Usage
=====

If you're looking for a quick start, head over to the `tutorial <tutorial.html>`__.
This page has more complete usage information and a better breakdown of the functionality.

Dependencies
-------------

dammit has three components. The first, `dependencies`, checks whether you have the dependencies installed
correctly and warns you if not. It is run with::

    dammit dependencies

There isn't much to this command; either you have the dependencies or you don't. If you don't,
there are instructions for getting them on the `installation <installation.html>`__ page.

Databases
---------

The next component is the `databases` subcommand.

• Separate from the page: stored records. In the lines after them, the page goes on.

text \<open>Conjugating by a unitary whose first column is an eigenvector splits off that eigenvalue.\<close>
lemma hermitian_deflate:
  assumes A: "hermitian_mat (Suc n) A"
  shows "\<exists>U e. unitary_mat (Suc n) U \<and>
    (\<forall>i<Suc n. (adj U * A * U) $$ (i,0) = (if i = 0 then complex_of_real e else 0))"
proof -
  have Ac: "A \<in> carrier_mat (Suc n) (Suc n)" using A unfolding hermitian_mat_def by auto
  obtain e where "e \<in> spectrum A" using spectrum_non_empty[OF Ac] by auto
  then obtain v where "eigenvector A v e" unfolding spectrum_def eigenvalue_def by auto
  then have v: "v \<in> carrier_vec (Suc n)" and v0: "v \<noteq> 0\<^sub>v (Suc n)" and Av: "A *\<^sub>v v = e \<cdot>\<^sub>v v"
    unfolding eigenvector_def using Ac by auto
  obtain U c where Uu: "unitary_mat (Suc n) U" and Ucol: "\<forall>k<Suc n. U $$ (k,0) = c * v $ k"
    using unitary_mat_first_column[OF v v0] by auto
  have U: "U \<in> carrier_mat (Suc n) (Suc n)" and Ui: "adj U * U = 1\<^sub>m (Suc n)"
    using Uu unfolding unitary_mat_def by auto
  have AU: "(A * U) $$ (k,0) = e * U $$ (k,0)" if k: "k < Suc n" for k
  proof -
    have "(A * U) $$ (k,0) = (\<Sum>l<Suc n. A $$ (k,l) * U $$ (l,0))"
      using Ac U k by (intro index_mult_mat_sum) auto
    also have "\<dots> = c * (\<Sum>l<Suc n. A $$ (k,l) * v $ l)"
      unfolding sum_distrib_left using Ucol by (intro sum.cong) auto
    also have "(\<Sum>l<Suc n. A $$ (k,l) * v $ l) = (A *\<^sub>v v) $ k"
      using Ac v k by (auto simp: scalar_prod_def lessThan_atLeast0 intro!: sum.cong)
    finally show ?thesis using Av v k Ucol by simp
  qed
  define B where "B = adj U * A * U"
  have Bcol: "B $$ (i,0) = (if i = 0 then e else 0)" if i: "i < Suc n" for i
  proof -
    have "B $$ (i,0) = (adj U * (A * U)) $$ (i,0)"
      unfolding B_def using Ac U by (simp add: square_mult_assoc[of _ "Suc n"])
    also have "\<dots> = (\<Sum>k<Suc n. adj U $$ (i,k) * (A * U) $$ (k,0))"
      using Ac U i by (intro index_mult_mat_sum[of _ "Suc n" "Suc n" _ "Suc n"]) auto
    also have "\<dots> = e * (\<Sum>k<Suc n. adj U $$ (i,k) * U $$ (k,0))"
      unfolding sum_distrib_left using AU by (intro sum.cong) auto
    also have "(\<Sum>k<Suc n. adj U $$ (i,k) * U $$ (k,0)) = (adj U * U) $$ (i,0)"
      using U i by (intro index_mult_mat_sum[symmetric]) auto
    finally show ?thesis using Ui i by simp
  qed
  have "cnj e = e"
    using hermitian_index_cnj[OF hermitian_unitary_conj[OF A U], of 0 0] Bcol[of 0]
    by (simp add: B_def)
  then have "complex_of_real (Re e) = e" by (metis Reals_cnj_iff complex_is_Real_iff of_real_Re)
  then show ?thesis using Uu Bcol unfolding B_def by metis
qed

definition lower_block :: "nat \<Rightarrow> complex mat \<Rightarrow> complex mat" where
  "lower_block n B = mat n n (\<lambda>(i,j). B $$ (Suc i, Suc j))"

definition direct_sum_one :: "nat \<Rightarrow> complex mat \<Rightarrow> complex mat" where
  "direct_sum_one n U = mat (Suc n) (Suc n)
     (\<lambda>(i,j). if i = 0 \<or> j = 0 then (if i = j then 1 else 0) else U $$ (i - 1, j - 1))"

lemma hermitian_lower_block: "hermitian_mat (Suc n) B \<Longrightarrow> hermitian_mat n (lower_block n B)"
  unfolding hermitian_mat_def lower_block_def
  by (auto intro!: eq_matI hermitian_index_cnj[symmetric] simp: hermitian_mat_def)

lemma unitary_direct_sum_one:
  assumes Uu: "unitary_mat n U"
  shows "unitary_mat (Suc n) (direct_sum_one n U)"
proof -
  have U: "U \<in> carrier_mat n n" and Ui: "adj U * U = 1\<^sub>m n" using Uu unfolding unitary_mat_def
    by auto
  have V: "direct_sum_one n U \<in> carrier_mat (Suc n) (Suc n)" unfolding direct_sum_one_def by auto
  have "adj (direct_sum_one n U) * direct_sum_one n U = 1\<^sub>m (Suc n)"
  proof (rule eq_matI)
    fix i j assume "i < dim_row (1\<^sub>m (Suc n))" "j < dim_col (1\<^sub>m (Suc n))"
    then have i: "i < Suc n" and j: "j < Suc n" by auto
    have "(adj (direct_sum_one n U) * direct_sum_one n U) $$ (i,j) =
        (\<Sum>k<Suc n. cnj (direct_sum_one n U $$ (k,i)) * direct_sum_one n U $$ (k,j))"
      using V i j
      by (subst index_mult_mat_sum[of _ "Suc n" "Suc n" _ "Suc n"]) (auto simp del: sum.lessThan_Suc)
    also have "\<dots> = cnj (direct_sum_one n U $$ (0,i)) * direct_sum_one n U $$ (0,j)
        + (\<Sum>k<n. cnj (direct_sum_one n U $$ (Suc k,i)) * direct_sum_one n U $$ (Suc k,j))"
      by (subst sum.lessThan_Suc_shift) simp
    also have "\<dots> = 1\<^sub>m (Suc n) $$ (i,j)"
    proof (cases "i = 0 \<or> j = 0")
      case True
      then show ?thesis using i j by (auto simp: direct_sum_one_def)
    next
      case False
      then obtain i' j' where ii: "i = Suc i'" and jj: "j = Suc j'" by (metis not0_implies_Suc)
      have "(\<Sum>k<n. cnj (direct_sum_one n U $$ (Suc k,i)) * direct_sum_one n U $$ (Suc k,j)) =
          (adj U * U) $$ (i',j')"
        using U i j ii jj
        by (subst index_mult_mat_sum[of _ n n _ n]) (auto simp: direct_sum_one_def)
      then show ?thesis using Ui i j ii jj by (auto simp: direct_sum_one_def)
    qed
    finally show "(adj (direct_sum_one n U) * direct_sum_one n U) $$ (i,j) = 1\<^sub>m (Suc n) $$ (i,j)" .
  qed (use V in auto)
  then show ?thesis using V unfolding unitary_mat_def by auto
qed

lemma herm_decomp_direct_sum_one:
  assumes B: "hermitian_mat (Suc n) B"
    and Bcol: "\<forall>i<Suc n. B $$ (i,0) = (if i = 0 then complex_of_real e else 0)"
    and dec: "herm_decomp n (lower_block n B) U d"
  shows "herm_decomp (Suc n) B (direct_sum_one n U) (\<lambda>i. if i = 0 then e else d (i - 1))"
    (is "herm_decomp _ _ ?V ?d")
proof -
  have Uu: "unitary_mat n U" and U: "U \<in> carrier_mat n n"
    and low: "lower_block n B = U * rdiag n d * adj U"
    using dec unfolding herm_decomp_def unitary_mat_def by auto
  have Bc: "B \<in> carrier_mat (Suc n) (Suc n)" using B unfolding hermitian_mat_def by auto
  have V: "?V \<in> carrier_mat (Suc n) (Suc n)" unfolding direct_sum_one_def by auto
  have Brow: "B $$ (0,j) = (if j = 0 then complex_of_real e else 0)" if "j < Suc n" for j
    using hermitian_index_cnj[OF B _ that, of 0] Bcol that by auto
  have "B = ?V * rdiag (Suc n) ?d * adj ?V"
  proof (rule eq_matI)
    fix i j
    assume "i < dim_row (?V * rdiag (Suc n) ?d * adj ?V)" "j < dim_col (?V * rdiag (Suc n) ?d * adj ?V)"
    then have i: "i < Suc n" and j: "j < Suc n" using V by auto
    have "(?V * rdiag (Suc n) ?d * adj ?V) $$ (i,j) =
        ?V $$ (i,0) * complex_of_real (?d 0) * cnj (?V $$ (j,0))
        + (\<Sum>k<n. ?V $$ (i,Suc k) * complex_of_real (?d (Suc k)) * cnj (?V $$ (j,Suc k)))"
      using index_mult_rdiag_adj[OF V i j]
      by (simp add: sum.lessThan_Suc_shift del: sum.lessThan_Suc)
    also have "\<dots> = B $$ (i,j)"
    proof (cases "i = 0 \<or> j = 0")
      case True
      then show ?thesis using i j Bcol Brow by (auto simp: direct_sum_one_def)
    next
      case False
      then obtain i' j' where ii: "i = Suc i'" and jj: "j = Suc j'" by (metis not0_implies_Suc)
      have "(\<Sum>k<n. ?V $$ (i,Suc k) * complex_of_real (?d (Suc k)) * cnj (?V $$ (j,Suc k)))
          = (U * rdiag n d * adj U) $$ (i',j')"
        using U i j ii jj by (subst index_mult_rdiag_adj) (auto simp: direct_sum_one_def)
      moreover have "?V $$ (i,0) = 0" using i ii by (simp add: direct_sum_one_def)
      moreover have "(U * rdiag n d * adj U) $$ (i',j') = B $$ (i,j)"
        unfolding low[symmetric] lower_block_def using i j ii jj by simp
      ultimately show ?thesis using ii by simp
    qed
    finally show "B $$ (i,j) = (?V * rdiag (Suc n) ?d * adj ?V) $$ (i,j)" by simp
  qed (use Bc V in auto)
  then show ?thesis using unitary_direct_sum_one[OF Uu] unfolding herm_decomp_def by auto
qed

This handles all of dammit's
external data; the documentation can be found `here <databases.html>`__.

Annotation
----------

The `annotate` command runs the BUSCO assessment, assembly stats, and homology searches,
aggregates the results, and outputs a GFF3 file and annotation report. It takes the ``--full``,
``--database-dir``, and ``--busco-group`` options in the same manner as the `databases` command.
Additionally, it can specify an optional output directory, the number of threads to use with
threaded subprograms like HMMER, and a list of user-supplied protein databases in FASTA format. A
simple invocation with the default databases would look like::

    dammit annotate <transcriptome.fasta>

While a more complex invocation might look like::

    dammit annotate <transcriptome.fasta> --database-dir /path/to/dbs --busco-group vertebrata --n_threads 4 --user-databases whale.pep.fasta dolphin.pep.fasta

User databases will be searched with CRBB; this runs `blastx`, so if you supply ridiculously huge
databases, it *will* take a long time. Future versions will use LAST for all searches to
improve performance, but for now, we're stuck with the NCBI's dinosaur. Also note that the
information from the deflines in your databases will be used to construct the GFF3 file, so if your
databases lack useful IDs, your annotations will too.